Hundreds of HeartMate 3 left ventricular assist device (LVAD) systems are being recalled due to reports of blood leakage or air entering the sealing interface between the device's inflow cannula and the apical cuff, which has resulted in several deaths. I remember it was classified by the US Food and Drug Administration (FDA) as a class, the most serious type.

The newer generation HeartMate 3 is used to support adults and children with severe left ventricular heart failure. Abbott/Thoratec Corporation is recalling 882 of the devices following the reports. According to the FDA, all 81 cases involved blood leaks and air ingress during implantation of the devices. Injuries were reported in 70 cases and deaths in two cases.

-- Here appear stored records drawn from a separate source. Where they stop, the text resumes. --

(* Let $d\ge 1$ and let $\lambda=(\lambda_1,\dots,\lambda_d)$ be a vector of positive integers with $\sum_{i=1}^d\lambda_i=n\ge 2$. For each integer $b$ with $0\le b<n-1$, the point \[ p(b)=\left(\left(\sum_{i=1}^d\left\lceil \frac{b\lambda_i}{n-1}\right\rceil\right)-b,\; \left\lceil \frac{b\lambda_1}{n-1}\right\rceil,\;\dots,\;\left\lceil \frac{b\lambda_d}{n-1}\right\rceil\right)\in\mathbb{Z}^{d+1} \] lies in $\Pi_\lambda$, the points $p(0),\dots,p(n-2)$ are distinct, and every point of $\Pi_\lambda\cap\mathbb{Z}^{d+1}$ is of the form $p(b)$ for some $0\le b<n-1$. That is, $b\mapsto p(b)$ is a bijection from $\{0,1,\dots,n-2\}$ onto $\Pi_\lambda\cap\mathbb{Z}^{d+1}$.
   Context: $e_1,\dots,e_d$ are the standard basis vectors of $\mathbb{R}^d$, and $\Delta_\lambda=\mathrm{conv}(e_1,\dots,e_d,\lambda)\subset\mathbb{R}^d$. The fundamental parallelepiped of $\Delta_\lambda$ is $\Pi_\lambda=\left\{\sum_{i=1}^d\gamma_i(1,e_i)+\gamma_{d+1}(1,\lambda): 0\le\gamma_i<1 \text{ for all } i\right\}\subset\mathbb{R}^{d+1}$. *)

theory Defs
  imports Complex_Main
begin

text \<open>Points of R^(d+1) are represented as functions nat => real with coordinates
  indexed 0..d (coordinate 0 is the extra "height" coordinate) and value 0 elsewhere.
  The vector lambda in Z^d is a function nat => nat, used on indices 1..d.\<close>

definition fund_par :: "nat \<Rightarrow> (nat \<Rightarrow> nat) \<Rightarrow> (nat \<Rightarrow> real) set" where
  "fund_par d lam = {x. \<exists>\<gamma> :: nat \<Rightarrow> real.
      (\<forall>i\<in>{1..d+1}. 0 \<le> \<gamma> i \<and> \<gamma> i < 1) \<and>
      x = (\<lambda>j. if j = 0 then (\<Sum>i=1..d+1. \<gamma> i)
               else if j \<le> d then \<gamma> j + \<gamma> (d+1) * real (lam j)
               else 0)}"

definition int_points :: "nat \<Rightarrow> (nat \<Rightarrow> real) set" where
  "int_points d = {x. (\<forall>j\<le>d. x j \<in> \<int>) \<and> (\<forall>j>d. x j = 0)}"

definition pt :: "nat \<Rightarrow> (nat \<Rightarrow> nat) \<Rightarrow> nat \<Rightarrow> (nat \<Rightarrow> real)" where
  "pt d lam b = (let n = (\<Sum>i=1..d. lam i);
                    c = (\<lambda>i. \<lceil>real b * real (lam i) / real (n - 1)\<rceil>) in
     (\<lambda>j. if j = 0 then real_of_int ((\<Sum>i=1..d. c i) - int b)
          else if j \<le> d then real_of_int (c j) else 0))"

end

theory Submission
  imports Defs
begin

text \<open>A point of \<open>\<Pi>\<^sub>\<lambda>\<close> with coefficients \<open>\<gamma>\<close> has coordinates \<open>x\<^sub>j = \<gamma>\<^sub>j + t \<lambda>\<^sub>j\<close> (\<open>1 \<le> j \<le> d\<close>), where
  \<open>t = \<gamma>\<^sub>d\<^sub>+\<^sub>1\<close>, and height \<open>x\<^sub>0 = \<Sum>\<^sub>j x\<^sub>j - t (n - 1)\<close>. Since \<open>0 \<le> \<gamma>\<^sub>j < 1\<close>, the coordinate \<open>x\<^sub>j\<close> is an
  integer only if \<open>x\<^sub>j = \<lceil>t \<lambda>\<^sub>j\<rceil>\<close>, so an integral point is determined by \<open>t\<close>; and then \<open>x\<^sub>0\<close> is an
  integer iff \<open>t (n - 1) = b\<close> is, with \<open>0 \<le> b < n - 1\<close>. Conversely \<open>b\<close> is recovered from the point
  as \<open>\<Sum>\<^sub>j x\<^sub>j - x\<^sub>0\<close>.\<close>

definition fund_par_point :: "nat \<Rightarrow> (nat \<Rightarrow> nat) \<Rightarrow> (nat \<Rightarrow> real) \<Rightarrow> (nat \<Rightarrow> real)" where
  "fund_par_point d lam \<gamma> = (\<lambda>j. if j = 0 then (\<Sum>i=1..d+1. \<gamma> i)
      else if j \<le> d then \<gamma> j + \<gamma> (d+1) * real (lam j) else 0)"

lemma mem_fund_par_iff:
  "x \<in> fund_par d lam \<longleftrightarrow>
    (\<exists>\<gamma>. (\<forall>i\<in>{1..d+1}. 0 \<le> \<gamma> i \<and> \<gamma> i < 1) \<and> x = fund_par_point d lam \<gamma>)"
  unfolding fund_par_def fund_par_point_def by blast

lemma fund_par_point_cong:
  assumes "\<And>i. i \<in> {1..d+1} \<Longrightarrow> \<gamma> i = \<gamma>' i"
  shows "fund_par_point d lam \<gamma> = fund_par_point d lam \<gamma>'"
  using assms unfolding fund_par_point_def by (intro ext) (auto intro!: sum.cong)

lemma fund_par_point_height:
  "(\<Sum>j=1..d. fund_par_point d lam \<gamma> j) - fund_par_point d lam \<gamma> 0
     = \<gamma> (d+1) * (real (\<Sum>i=1..d. lam i) - 1)"
  by (simp add: fund_par_point_def sum.distrib sum_distrib_left algebra_simps)

lemma frac_eq_ceiling_diff:
  fixes g s :: real
  assumes "0 \<le> g" "g < 1" "g + s \<in> \<int>"
  shows "g = of_int \<lceil>s\<rceil> - s"
proof -
  obtain m where m: "g + s = of_int m" using assms(3) by (metis Ints_cases)
  with assms(1,2) have "\<lceil>s\<rceil> = m" by (intro ceiling_unique) linarith+
  with m show ?thesis by simp
qed

definition ceiling_coeffs :: "nat \<Rightarrow> (nat \<Rightarrow> nat) \<Rightarrow> real \<Rightarrow> nat \<Rightarrow> real" where
  "ceiling_coeffs d lam t i =
     (if i = d+1 then t else of_int \<lceil>t * real (lam i)\<rceil> - t * real (lam i))"

lemma ceiling_coeffs_bounds:
  assumes "0 \<le> t" "t < 1"
  shows "\<forall>i\<in>{1..d+1}. 0 \<le> ceiling_coeffs d lam t i \<and> ceiling_coeffs d lam t i < 1"
proof
  fix i
  have "0 \<le> of_int \<lceil>s\<rceil> - s \<and> of_int \<lceil>s\<rceil> - s < 1" for s :: real
    by linarith
  with assms show "0 \<le> ceiling_coeffs d lam t i \<and> ceiling_coeffs d lam t i < 1"
    by (simp add: ceiling_coeffs_def)
qed

lemma fund_par_point_eq_ceiling_coeffs:
  assumes bounds: "\<forall>i\<in>{1..d+1}. 0 \<le> \<gamma> i \<and> \<gamma> i < 1"
    and integral: "\<forall>j\<in>{1..d}. fund_par_point d lam \<gamma> j \<in> \<int>"
  shows "fund_par_point d lam \<gamma> = fund_par_point d lam (ceiling_coeffs d lam (\<gamma> (d+1)))"
proof (rule fund_par_point_cong)
  fix i assume i: "i \<in> {1..d+1}"
  show "\<gamma> i = ceiling_coeffs d lam (\<gamma> (d+1)) i"
  proof (cases "i = d+1")
    case False
    with i have "\<gamma> i + \<gamma> (d+1) * real (lam i) \<in> \<int>"
      using integral by (auto simp: fund_par_point_def)
    with False i bounds show ?thesis
      by (auto simp: ceiling_coeffs_def intro: frac_eq_ceiling_diff)
  qed (simp add: ceiling_coeffs_def)
qed

lemma pt_eq_fund_par_point:
  assumes n: "n = (\<Sum>i=1..d. lam i)" and "n \<ge> 2"
  shows "pt d lam b = fund_par_point d lam (ceiling_coeffs d lam (real b / real (n - 1)))"
    (is "_ = ?x")
proof
  fix j
  define t where "t = real b / real (n - 1)"
  have "t * (real n - 1) = real b"
    using \<open>n \<ge> 2\<close> by (simp add: t_def of_nat_diff)
  then have height: "?x 0 = (\<Sum>j=1..d. ?x j) - real b"
    using fund_par_point_height[of d lam "ceiling_coeffs d lam t", folded n]
    by (simp add: t_def ceiling_coeffs_def)
  have coords: "?x j = of_int \<lceil>real b * real (lam j) / real (n - 1)\<rceil>"
    if "j \<in> {1..d}" for j
    using that by (simp add: fund_par_point_def ceiling_coeffs_def)
  show "pt d lam b j = ?x j"
  proof (cases "j = 0")
    case True
    with height coords n show ?thesis
      by (simp add: pt_def Let_def of_int_sum)
  qed (auto simp: pt_def Let_def n fund_par_point_def ceiling_coeffs_def)
qed

lemma pt_in_int_points: "pt d lam b \<in> int_points d"
  by (auto simp: pt_def Let_def int_points_def intro!: Ints_sum)

lemma pt_height: "(\<Sum>j=1..d. pt d lam b j) - pt d lam b 0 = real b"
  by (simp add: pt_def Let_def)

lemma inj_on_pt: "inj_on (pt d lam) A"
  by (rule inj_onI) (metis pt_height of_nat_eq_iff)

lemma pt_in_fund_par:
  assumes "n = (\<Sum>i=1..d. lam i)" "n \<ge> 2" "b < n - 1"
  shows "pt d lam b \<in> fund_par d lam"
proof -
  have "0 \<le> real b / real (n - 1)" "real b / real (n - 1) < 1"
    using assms(3) by auto
  then show ?thesis
    unfolding mem_fund_par_iff pt_eq_fund_par_point[OF assms(1,2)]
    using ceiling_coeffs_bounds by blast
qed

lemma fund_par_int_points_subset_image_pt:
  assumes n: "n = (\<Sum>i=1..d. lam i)" and "n \<ge> 2"
  shows "fund_par d lam \<inter> int_points d \<subseteq> pt d lam ` {0..<n-1}"
proof
  fix x assume x: "x \<in> fund_par d lam \<inter> int_points d"
  obtain \<gamma> where bounds: "\<forall>i\<in>{1..d+1}. 0 \<le> \<gamma> i \<and> \<gamma> i < 1"
    and x_eq: "x = fund_par_point d lam \<gamma>"
    using x mem_fund_par_iff by blast
  define t where "t = \<gamma> (d+1)"
  have t: "0 \<le> t" "t < 1" using bounds by (auto simp: t_def)
  have integral: "\<forall>j\<le>d. x j \<in> \<int>" using x by (simp add: int_points_def)
  have "(\<Sum>j=1..d. x j) - x 0 \<in> \<int>"
    using integral by (intro Ints_diff Ints_sum) auto
  then have "t * real (n - 1) \<in> \<int>"
    using fund_par_point_height[of d lam \<gamma>] \<open>n \<ge> 2\<close>
    by (simp add: x_eq t_def n of_nat_diff)
  moreover have "0 \<le> t * real (n - 1)" using t by simp
  ultimately obtain b where b: "t * real (n - 1) = real b"
    by (metis Ints_cases of_int_0_le_iff of_nat_nat)
  have "real b < real (n - 1)"
    using b t \<open>n \<ge> 2\<close> mult_strict_right_mono[of t 1 "real (n - 1)"] by simp
  then have "b \<in> {0..<n-1}" by simp
  moreover have "x = pt d lam b"
  proof -
    have "x = fund_par_point d lam (ceiling_coeffs d lam t)"
      using fund_par_point_eq_ceiling_coeffs[OF bounds] integral x_eq t_def by auto
    also have "t = real b / real (n - 1)" using b \<open>n \<ge> 2\<close> by (simp add: field_simps)
    finally show ?thesis using pt_eq_fund_par_point[OF n \<open>n \<ge> 2\<close>] by simp
  qed
  ultimately show "x \<in> pt d lam ` {0..<n-1}" by blast
qed

theorem proposition2p12:
  fixes d :: nat and lam :: "nat \<Rightarrow> nat" and n :: nat
  assumes "d \<ge> 1"
    and "\<forall>i\<in>{1..d}. lam i > 0"
    and "n = (\<Sum>i=1..d. lam i)"
    and "n \<ge> 2"
  shows "bij_betw (pt d lam) {0..<n-1} (fund_par d lam \<inter> int_points d)"
proof (unfold bij_betw_def, intro conjI equalityI)
  show "inj_on (pt d lam) {0..<n-1}" by (rule inj_on_pt)
  show "pt d lam ` {0..<n-1} \<subseteq> fund_par d lam \<inter> int_points d"
    using pt_in_fund_par[OF assms(3,4)] pt_in_int_points by auto
  show "fund_par d lam \<inter> int_points d \<subseteq> pt d lam ` {0..<n-1}"
    using fund_par_int_points_subset_image_pt[OF assms(3,4)] .
qed

end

“If blood leaks or air enters the LVAD from this location, it compromises the integrity of blood flow and may result in a longer-than-expected operation, hemorrhage (hemorrhage), right heart failure, or air embolism,” the agency noted.

The recall notice states that if blood leakage or air infiltration is suspected or observed, air must be completely evacuated from the device's blood chamber before LVAD support is initiated. Additionally, bleeding should be assessed and hemostasis properly managed before all wounds are closed. Conventional strategies to address air leaks or bleeding include: Adjusting the pump position, waiting for the blood's natural tendency to clot or reversing anticoagulation, adding surgical materials, and replacing the apical cuff, pump, or both.

“Always have a complete backup system (implant kit and external components) on site and in close proximity during the implantation procedure for use in an emergency,” Abbott/Thoratec advised in an urgent medical device correction notification letter, which was released on March 20, 2024.